▶ Directions for this task
Below are the records; give again exactly the line with "NI) \<le> lam", the line with "by (rule power_mono) (use assms in simp)", and each line that lies between them, and nothing besides.

▶ Records shown
lemma cone_quadratic_bound:
  fixes lam s k al D NO NI R T :: real
  assumes "0 < lam" "0 \<le> s" "0 \<le> k" "0 \<le> al" "0 \<le> D" "0 \<le> NI" "0 \<le> R" "0 \<le> T"
    and NO: "NO \<le> sqrt k * D"
    and R: "R \<le> lam * (NO - NI) + lam / 3 * (NO + NI)" and T: "T \<le> lam / 3 * (NO + NI)"
    and quadratic: "D\<^sup>2 - al * (NO + NI)\<^sup>2 \<le> (R + T)\<^sup>2 + 2 * s * R"
    and small: "k * (lam\<^sup>2 + al) < 1 / 10"
  shows "D \<le> 80 / 3 * s * lam * sqrt k"
proof -
  let ?K = "sqrt k"
  have K: "0 \<le> ?K" "?K\<^sup>2 = k" using assms by simp_all
  note cone = cone_arith[OF \<open>0 < lam\<close> \<open>0 \<le> R\<close> \<open>0 \<le> NI\<close> R]
  have N3: "NO + NI \<le> 3 * (?K * D)" using cone(1) NO by linarith
  have "4 / 3 * lam * NO \<le> 4 / 3 * lam * (?K * D)"
    using NO \<open>0 < lam\<close> by (intro mult_left_mono) simp_all
  then have R_le: "R \<le> 4 / 3 * lam * (?K * D)" using cone(2) by linarith
  have "lam / 3 * (NO + NI) \<le> lam / 3 * (3 * (?K * D))"
    using N3 assms by (intro mult_left_mono) simp_all
  then have "R + T \<le> 7 / 3 * lam * (?K * D)" using R_le T by simp
  then have "(R + T)\<^sup>2 \<le> (7 / 3 * lam * (?K * D))\<^sup>2"
    by (rule power_mono) (use assms in simp)
  also have "\<dots> = 49 / 9 * lam\<^sup>2 * k * D\<^sup>2" using K by (simp add: power_mult_distrib power_divide)
  finally have "(R + T)\<^sup>2 \<le> 49 / 9 * lam\<^sup>2 * k * D\<^sup>2" .
  moreover have "al * (NO + NI)\<^sup>2 \<le> 9 * al * k * D\<^sup>2"
  proof -
    have "(NO + NI)\<^sup>2 \<le> (3 * (?K * D))\<^sup>2"
      using N3 cone(1) \<open>0 \<le> NI\<close> by (intro power_mono) simp_all
    then have "al * (NO + NI)\<^sup>2 \<le> al * (3 * (?K * D))\<^sup>2"
      using \<open>0 \<le> al\<close> by (rule mult_left_mono)
    then show ?thesis using K by (simp add: power_mult_distrib)
  qed
  moreover have "2 * s * R \<le> 2 * s * (4 / 3 * lam * (?K * D))"
    using R_le assms by (intro mult_left_mono) simp_all
  ultimately have quad_D: "D\<^sup>2 \<le> (9 * (al * k) + 49 / 9 * (lam\<^sup>2 * k)) * D\<^sup>2 + (8 / 3 * s * lam * ?K) * D"
    using quadratic by (simp add: algebra_simps)
  have "k * (lam\<^sup>2 + al) = lam\<^sup>2 * k + al * k" by (simp add: algebra_simps)
  moreover have "0 \<le> lam\<^sup>2 * k" using assms by simp
  ultimately have c_le: "9 * (al * k) + 49 / 9 * (lam\<^sup>2 * k) \<le> 9 / 10" using small by linarith
  have "D \<le> 10 * (8 / 3 * s * lam * ?K)"
    by (rule le_of_sq_le_affine[OF \<open>0 \<le> D\<close> _ quad_D c_le]) (use assms in simp)
  then show ?thesis by simp
qed

lemma error_bound_arith:
  fixes lam s k al D NO NI R T :: real
  assumes "0 < lam" "0 \<le> s" "0 \<le> k" "0 \<le> al" "0 \<le> D" "0 \<le> NI" "0 \<le> R" "0 \<le> T"
    and NO: "NO \<le> sqrt k * D"
    and R: "R \<le> lam * (NO - NI) + lam / 3 * (NO + NI)" and T: "T \<le> lam / 3 * (NO + NI)"
    and quadratic: "D\<^sup>2 - al * (NO + NI)\<^sup>2 \<le> (R + T)\<^sup>2 + 2 * s * R"
    and small: "k * (lam\<^sup>2 + al) < 1 / 10"
  shows "D \<le> 140 * lam * s * sqrt k" and "NO + NI \<le> 520 * lam * s * k"
proof -
  let ?K = "sqrt k"
  have K: "0 \<le> ?K" "?K\<^sup>2 = k" using assms by simp_all
  have D: "D \<le> 80 / 3 * s * lam * ?K" by (rule cone_quadratic_bound) (use assms in auto)
  then show "D \<le> 140 * lam * s * ?K"
    using assms K by (simp add: mult_ac)
  have "NO + NI \<le> 3 * ?K * D"
    using cone_arith(1)[OF \<open>0 < lam\<close> \<open>0 \<le> R\<close> \<open>0 \<le> NI\<close> R] NO by linarith
  also have "\<dots> \<le> 3 * ?K * (80 / 3 * s * lam * ?K)"
    using D K by (intro mult_left_mono) simp_all
  also have "\<dots> = 80 * (lam * (s * k))" using K by (simp add: power2_eq_square mult_ac)
  also have "\<dots> \<le> 520 * (lam * (s * k))" using assms by simp
  finally show "NO + NI \<le> 520 * lam * s * k" by (simp only: mult.assoc)
qed

lemma norm_normalized_row_le:
  fixes a :: "'p::finite \<Rightarrow> real^'n"
  assumes "lam \<ge> 3 * Max {sqrt (\<Sum>j\<in>UNIV. (a j $ i)\<^sup>2 / (norm (a j))\<^sup>2) | i. True}"
  shows "3 * norm (\<chi> j. a j $ i / norm (a j)) \<le> lam"
proof -
  have "norm (\<chi> j. a j $ i / norm (a j)) = sqrt (\<Sum>j\<in>UNIV. (a j $ i)\<^sup>2 / (norm (a j))\<^sup>2)"
    by (simp add: norm_eq_sqrt_inner inner_vec_def power_divide power2_eq_square)
  also have "\<dots> \<le> Max {sqrt (\<Sum>j\<in>UNIV. (a j $ i)\<^sup>2 / (norm (a j))\<^sup>2) | i. True}"
    by (rule Max_ge[OF finite_image_set]) auto
  finally show ?thesis using assms by linarith
qed

lemma Zj_estimator_scalar_bounds:
  fixes X xi Th A :: "real^'p^'n" and Out :: "'n set" and lam :: real
  defines "a j \<equiv> Zj X j *v column j xi"
    and "NO \<equiv> (\<Sum>i\<in>Out. norm (A $ i))" and "NI \<equiv> (\<Sum>i\<in>-Out. norm (A $ i))"
  assumes a_nz: "\<And>j. a j \<noteq> 0"
    and row_le: "\<And>i. 3 * norm (\<chi> j. a j $ i / norm (a j)) \<le> lam"
    and basic: "(\<Sum>j\<in>UNIV. norm (a j - Zj X j *v column j A)) + lam * norm21 (Th + A)
        \<le> (\<Sum>j\<in>UNIV. norm (a j)) + lam * norm21 Th"
    and Th_out: "\<And>i. i \<notin> Out \<Longrightarrow> Th $ i = 0"
  shows "\<exists>R T. 0 \<le> R \<and> 0 \<le> T \<and> R \<le> lam * (NO - NI) + lam / 3 * (NO + NI)
    \<and> T \<le> lam / 3 * (NO + NI)
    \<and> (norm22 A)\<^sup>2 - norm_inf_inf (mat 1 - Zfull X) * (NO + NI)\<^sup>2 \<le> (R + T)\<^sup>2 + 2 * normT2inf xi * R"
proof -
  define U :: "real^'p^'n" where "U = (\<chi> i j. a j $ i / norm (a j))"
  define b where "b j = Zj X j *v column j A" for j
  have t_eq: "((1 / norm (a j)) *\<^sub>R a j) \<bullet> b j = (\<Sum>i\<in>UNIV. U $ i $ j * A $ i $ j)" for j
  proof -
    have "((1 / norm (a j)) *\<^sub>R a j) \<bullet> b j = ((1 / norm (a j)) *\<^sub>R a j) \<bullet> column j A"
      by (simp add: a_def b_def Zj_def proj_orth_compl_inner_range)
    then show ?thesis by (simp add: U_def inner_vec_def sum_divide_distrib column_def)
  qed
  have N: "norm21 A = NO + NI" by (simp add: NO_def NI_def norm21_split)
  have "norm21 Th - norm21 (Th + A) \<le> NO - NI"
    unfolding NO_def NI_def by (rule norm21_diff_le_outlier_split[OF Th_out])
  moreover have "0 \<le> lam"
    using order_trans[OF _ row_le] by (meson norm_ge_zero zero_le_mult_iff zero_le_numeral)
  ultimately have "lam * (norm21 Th - norm21 (Th + A)) \<le> lam * (NO - NI)"
    by (rule mult_left_mono)
  then have excess: "(\<Sum>j\<in>UNIV. norm (a j - b j) - norm (a j)) \<le> lam * (NO - NI)"
    using basic by (simp add: b_def sum_subtractf algebra_simps)
  have a_le: "norm (a j) \<le> normT2inf xi" for j
    unfolding a_def Zj_def by (rule order_trans[OF norm_proj_orth_compl_le norm_column_le_normT2inf])
  note descent = sum_norm_sq_le_of_remainders[where b = b, OF a_nz a_le excess, unfolded t_eq]
  have "norm (U $ i) \<le> lam / 3" for i using row_le[of i] by (simp add: U_def)
  note U_sums = entrywise_product_column_sums_le[where A = A, OF this, unfolded N]
  have "(norm22 A)\<^sup>2 - norm_inf_inf (mat 1 - Zfull X) * (NO + NI)\<^sup>2 \<le> (\<Sum>j\<in>UNIV. (norm (b j))\<^sup>2)"
    using sum_norm_sq_Zj_columns_ge[of A X] by (simp add: b_def N)
  with descent U_sums show ?thesis
    by (intro exI[of _ "lam * (NO - NI) + (\<Sum>j\<in>UNIV. \<Sum>i\<in>UNIV. U $ i $ j * A $ i $ j)"]
        exI[of _ "norm (\<chi> j. \<Sum>i\<in>UNIV. U $ i $ j * A $ i $ j)"]) auto
qed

▶ Response for this exercise
  have "lam / 3 * (NO + NI) \<le> lam / 3 * (3 * (?K * D))"
    using N3 assms by (intro mult_left_mono) simp_all
  then have "R + T \<le> 7 / 3 * lam * (?K * D)" using R_le T by simp
  then have "(R + T)\<^sup>2 \<le> (7 / 3 * lam * (?K * D))\<^sup>2"
    by (rule power_mono) (use assms in simp)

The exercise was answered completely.